Testing can seem daunting at first to many retailers. There can be a tendency to take on an “if it's not broke, don't fix it" attitude. But if you don't continually test to make sure you're in tune with your ever changing audience, you'll find that you stop evolving and fall behind your competitors. Also, it's fun! Testing should be seen as a positive way to continually grow and learn.
Or perhaps you have done a bit of testing but it's not really gone as planned? So obviously the most rational thing to do is to pack it in, right? Wrong. Very often I hear “Oh we tried doing a test but it didn't have enough uplift so we've given up". Just because one test has failed it doesn't mean that they all will. If your car got a flat tyre you wouldn't jump out and slash the other three would you? Exactly.
The most frequent question I am asked by a client about to embark on an A/B test is, “How do we increase our conversion/revenue". If I could give you a 100% guaranteed to work answer to that question I would be writing this from the rooftop pool of my Manhattan penthouse, but I'm not! While an increase in conversion and revenue is always everyone's end goal, you need to look at it from the right perspective to hit your target. In the same way that your annoying high school maths teacher would insist that you couldn't just give the answer to the multiplication question, you had to show the workings out - the same is true with developing the logic for an A/B test. How are you going to get an increase in conversion and/or revenue? The answer will be different for each retailer, but it always comes down to giving your customers what they want.

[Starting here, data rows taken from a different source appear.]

(* Let $a,b\ge0$, $c>0$ with $b<c^2+ac$ and $d:=a^2/4+b>0$, and let $y$ be the solution of the scalar initial value problem $y'=y^2+ay-b$, $y(T)=c$. Then for $t\in(-\infty,T]$, $$y(t)\ge\frac{1}{T-t+\frac{1}{c+a/2}}-\frac{a}{2}.$$ *)

theory Defs
  imports Complex_Main
begin

end

theory Submission
  imports Defs "HOL-Analysis.Analysis"
begin

text \<open>Shifting by \<open>a/2\<close> turns the equation into \<open>z' = z\<^sup>2 - d\<close> with \<open>d \<ge> 0\<close>, so \<open>z' \<le> z\<^sup>2\<close>.
  While \<open>z\<close> is positive, \<open>1/z + t\<close> is then nondecreasing, which integrates to
  \<open>z(t) \<ge> 1/(T - t + 1/z(T))\<close>. The bound is positive, and a continuity argument at the last
  nonpositive point of \<open>z\<close> shows that \<open>z\<close> never leaves the positive region going backwards from \<open>T\<close>.\<close>

lemma inverse_le_while_positive:
  fixes z z' :: "real \<Rightarrow> real"
  assumes "x \<le> T"
    and cont: "continuous_on {x..T} z"
    and deriv: "\<And>r. x < r \<Longrightarrow> r < T \<Longrightarrow> (z has_real_derivative z' r) (at r)"
    and le_square: "\<And>r. x < r \<Longrightarrow> r < T \<Longrightarrow> z' r \<le> (z r)^2"
    and pos: "\<And>r. x \<le> r \<Longrightarrow> r \<le> T \<Longrightarrow> z r > 0"
  shows "1 / z x \<le> T - x + 1 / z T"
proof -
  define F where "F r = 1 / z r + r" for r
  have "F x \<le> F T"
  proof (rule DERIV_nonneg_imp_increasing_open[OF \<open>x \<le> T\<close>])
    fix r assume r: "x < r" "r < T"
    have zr: "z r > 0" using pos r by simp
    have "(F has_real_derivative 1 - z' r / (z r)^2) (at r)"
      unfolding F_def using deriv[OF r] zr
      by (auto intro!: derivative_eq_intros simp: power2_eq_square field_simps)
    moreover have "z' r / (z r)^2 \<le> 1"
      using le_square[OF r] zr by simp
    ultimately show "\<exists>y. (F has_real_derivative y) (at r) \<and> 0 \<le> y" by force
  next
    have "\<forall>r\<in>{x..T}. z r \<noteq> 0" using pos by fastforce
    with cont show "continuous_on {x..T} F"
      unfolding F_def by (intro continuous_intros)
  qed
  then show ?thesis by (simp add: F_def)
qed

lemma riccati_lower_bound_while_positive:
  fixes z z' :: "real \<Rightarrow> real"
  assumes "x \<le> T"
    and cont: "continuous_on {x..T} z"
    and deriv: "\<And>r. x < r \<Longrightarrow> r < T \<Longrightarrow> (z has_real_derivative z' r) (at r)"
    and le_square: "\<And>r. x < r \<Longrightarrow> r < T \<Longrightarrow> z' r \<le> (z r)^2"
    and pos: "\<And>r. x \<le> r \<Longrightarrow> r \<le> T \<Longrightarrow> z r > 0"
  shows "1 / (T - x + 1 / z T) \<le> z x"
proof -
  have zx: "z x > 0" and zT: "z T > 0" using pos \<open>x \<le> T\<close> by auto
  then have "0 < T - x + 1 / z T" using \<open>x \<le> T\<close> by (simp add: add_nonneg_pos)
  with zx have "1 / (T - x + 1 / z T) \<le> 1 / (1 / z x)"
    using inverse_le_while_positive[OF assms] by (intro divide_left_mono) auto
  with zx show ?thesis by simp
qed

lemma riccati_positive_backwards:
  fixes z z' :: "real \<Rightarrow> real"
  assumes cont: "continuous_on {..T} z"
    and deriv: "\<And>r. r < T \<Longrightarrow> (z has_real_derivative z' r) (at r)"
    and le_square: "\<And>r. r < T \<Longrightarrow> z' r \<le> (z r)^2"
    and zT: "z T > 0"
    and "r \<le> T"
  shows "z r > 0"
proof (rule ccontr)
  assume "\<not> z r > 0"
  define w where "w u = 1 / (T - u + 1 / z T)" for u
  have denom_pos: "0 < T - u + 1 / z T" if "u \<le> T" for u
    using that zT by (simp add: add_nonneg_pos)
  define S where "S = {r..T} \<inter> z -` {..0}"
  have "r \<in> S" using \<open>r \<le> T\<close> \<open>\<not> z r > 0\<close> by (simp add: S_def)
  have "closed S"
    unfolding S_def using continuous_on_subset[OF cont]
    by (intro continuous_closed_preimage) auto
  then have "compact ({r..T} \<inter> S)"
    by (intro compact_Int_closed compact_Icc)
  then have "compact S" by (simp add: S_def Int_assoc)
  then obtain s where "s \<in> S" and s_max: "\<And>x. x \<in> S \<Longrightarrow> x \<le> s"
    using compact_attains_sup[of S] \<open>r \<in> S\<close> by blast
  then have "r \<le> s" "s \<le> T" "z s \<le> 0" by (auto simp: S_def)
  with zT have "s < T" by (cases "s = T") auto
  \<comment> \<open>right of the last nonpositive point \<open>s\<close> the bound applies and stays above \<open>w s > 0\<close>\<close>
  have above: "w s \<le> z x" if "x \<in> {s<..T}" for x
  proof -
    have "z q > 0" if "x \<le> q" "q \<le> T" for q
    proof -
      have "q \<notin> S" using s_max[of q] that \<open>x \<in> {s<..T}\<close> by auto
      moreover have "q \<in> {r..T}" using that \<open>r \<le> s\<close> \<open>x \<in> {s<..T}\<close> by auto
      ultimately show ?thesis by (simp add: S_def)
    qed
    then have "w x \<le> z x"
      unfolding w_def using that
    proof (intro riccati_lower_bound_while_positive)
      show "continuous_on {x..T} z" using cont by (rule continuous_on_subset) auto
    qed (use deriv le_square in auto)
    moreover have "w s \<le> w x"
      using that denom_pos[of x] denom_pos[of s] unfolding w_def
      by (intro divide_left_mono) auto
    ultimately show ?thesis by simp
  qed
  have "continuous (at s within {..T}) z"
    using cont \<open>s \<le> T\<close> by (simp add: continuous_on_eq_continuous_within)
  then have "(z \<longlongrightarrow> z s) (at s within {s<..T})"
    unfolding continuous_within by (rule tendsto_within_subset) auto
  moreover have "at s within {s<..T} \<noteq> bot"
    using \<open>s < T\<close> by (simp add: at_within_eq_bot_iff)
  moreover have "\<forall>\<^sub>F x in at s within {s<..T}. w s \<le> z x"
    unfolding eventually_at_filter by (intro always_eventually) (simp add: above)
  ultimately have "w s \<le> z s"
    using tendsto_lowerbound by blast
  moreover have "w s > 0" using denom_pos[OF \<open>s \<le> T\<close>] by (simp add: w_def)
  ultimately show False using \<open>z s \<le> 0\<close> by simp
qed

lemma has_real_derivative_at_within_atMost:
  assumes "(f has_real_derivative f') (at x within {..T})" and "x < T"
  shows "(f has_real_derivative f') (at x)"
proof -
  have "(f has_real_derivative f') (at x within {..<T})"
    by (rule has_field_derivative_subset[OF assms(1)]) auto
  moreover have "at x within {..<T} = at x"
    using assms(2) by (intro at_within_open) auto
  ultimately show ?thesis by simp
qed

lemma riccati_lower_bound:
  fixes z z' :: "real \<Rightarrow> real"
  assumes deriv: "\<And>r. r \<le> T \<Longrightarrow> (z has_real_derivative z' r) (at r within {..T})"
    and le_square: "\<And>r. r \<le> T \<Longrightarrow> z' r \<le> (z r)^2"
    and zT: "z T > 0"
    and "t \<le> T"
  shows "1 / (T - t + 1 / z T) \<le> z t"
proof -
  have cont: "continuous_on {..T} z"
    by (rule DERIV_continuous_on[OF deriv]) auto
  have deriv_at: "(z has_real_derivative z' r) (at r)" if "r < T" for r
    using has_real_derivative_at_within_atMost[OF deriv] that by simp
  have pos: "z r > 0" if "r \<le> T" for r
    using riccati_positive_backwards[OF cont deriv_at _ zT that] le_square by simp
  show ?thesis
  proof (rule riccati_lower_bound_while_positive[OF \<open>t \<le> T\<close>])
    show "continuous_on {t..T} z" using cont by (rule continuous_on_subset) auto
  qed (use deriv_at le_square pos in auto)
qed

theorem corollaryA2:
  fixes a b c T :: real and y :: "real \<Rightarrow> real"
  assumes "a \<ge> 0" and "b \<ge> 0" and "c > 0"
    and "b < c^2 + a * c"
    and "a^2 / 4 + b > 0"
    and "\<And>t. t \<le> T \<Longrightarrow>
           (y has_real_derivative ((y t)^2 + a * y t - b)) (at t within {..T})"
    and "y T = c"
  shows "\<forall>t \<le> T. y t \<ge> 1 / (T - t + 1 / (c + a / 2)) - a / 2"
proof (intro allI impI)
  fix t assume "t \<le> T"
  define z where "z r = y r + a / 2" for r
  have deriv: "(z has_real_derivative (z r)^2 - (a^2 / 4 + b)) (at r within {..T})"
    if "r \<le> T" for r
    using assms(6)[OF that] unfolding z_def
    by (auto intro!: derivative_eq_intros simp: power2_eq_square algebra_simps)
  have le_square: "(z r)^2 - (a^2 / 4 + b) \<le> (z r)^2" for r
    using assms(2) zero_le_power2[of a] by linarith
  have zT: "z T = c + a / 2" using assms(7) by (simp add: z_def)
  have "1 / (T - t + 1 / z T) \<le> z t"
    using assms(1,3) zT \<open>t \<le> T\<close> by (intro riccati_lower_bound[OF deriv le_square]) auto
  then show "y t \<ge> 1 / (T - t + 1 / (c + a / 2)) - a / 2"
    using assms(7) by (simp add: z_def)
qed

end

So let's start with that and do the workings out: what do your customers actually want?
Don't tell yourself what you THINK your customer wants, find out what they REALLY want. The best way to do that is by asking and/or observing them. Ask them to fill out online surveys and give feedback on their shopping experience, card sorting exercises, etc. Or better yet, conduct a usability testing group study. The feedback you will gather from watching your customers interact with your site is priceless. You can then use these facts to fuel your decision making.
It's essential to develop a sound hypothesis as a basis for your test. What's a hypothesis? A hypothesis is a proposed explanation made on the basis of limited evidence as a starting point for further investigation. Or a theory if you don't like big words. Without this you're just throwing random stuff out to test and seeing what sticks. This is never a good idea as you'll most likely waste your time. How do you analyse why the test was successful or failed if you don't fully understand why you chose to run the test in the first place? Never mind taking the findings to develop further tests. And don't think you can cheat yourself by inventing a random hypothesis! Make sure that it is fully developed based on your user insight. If you put pointless information in, you'll get pointless information out. Make it mean something.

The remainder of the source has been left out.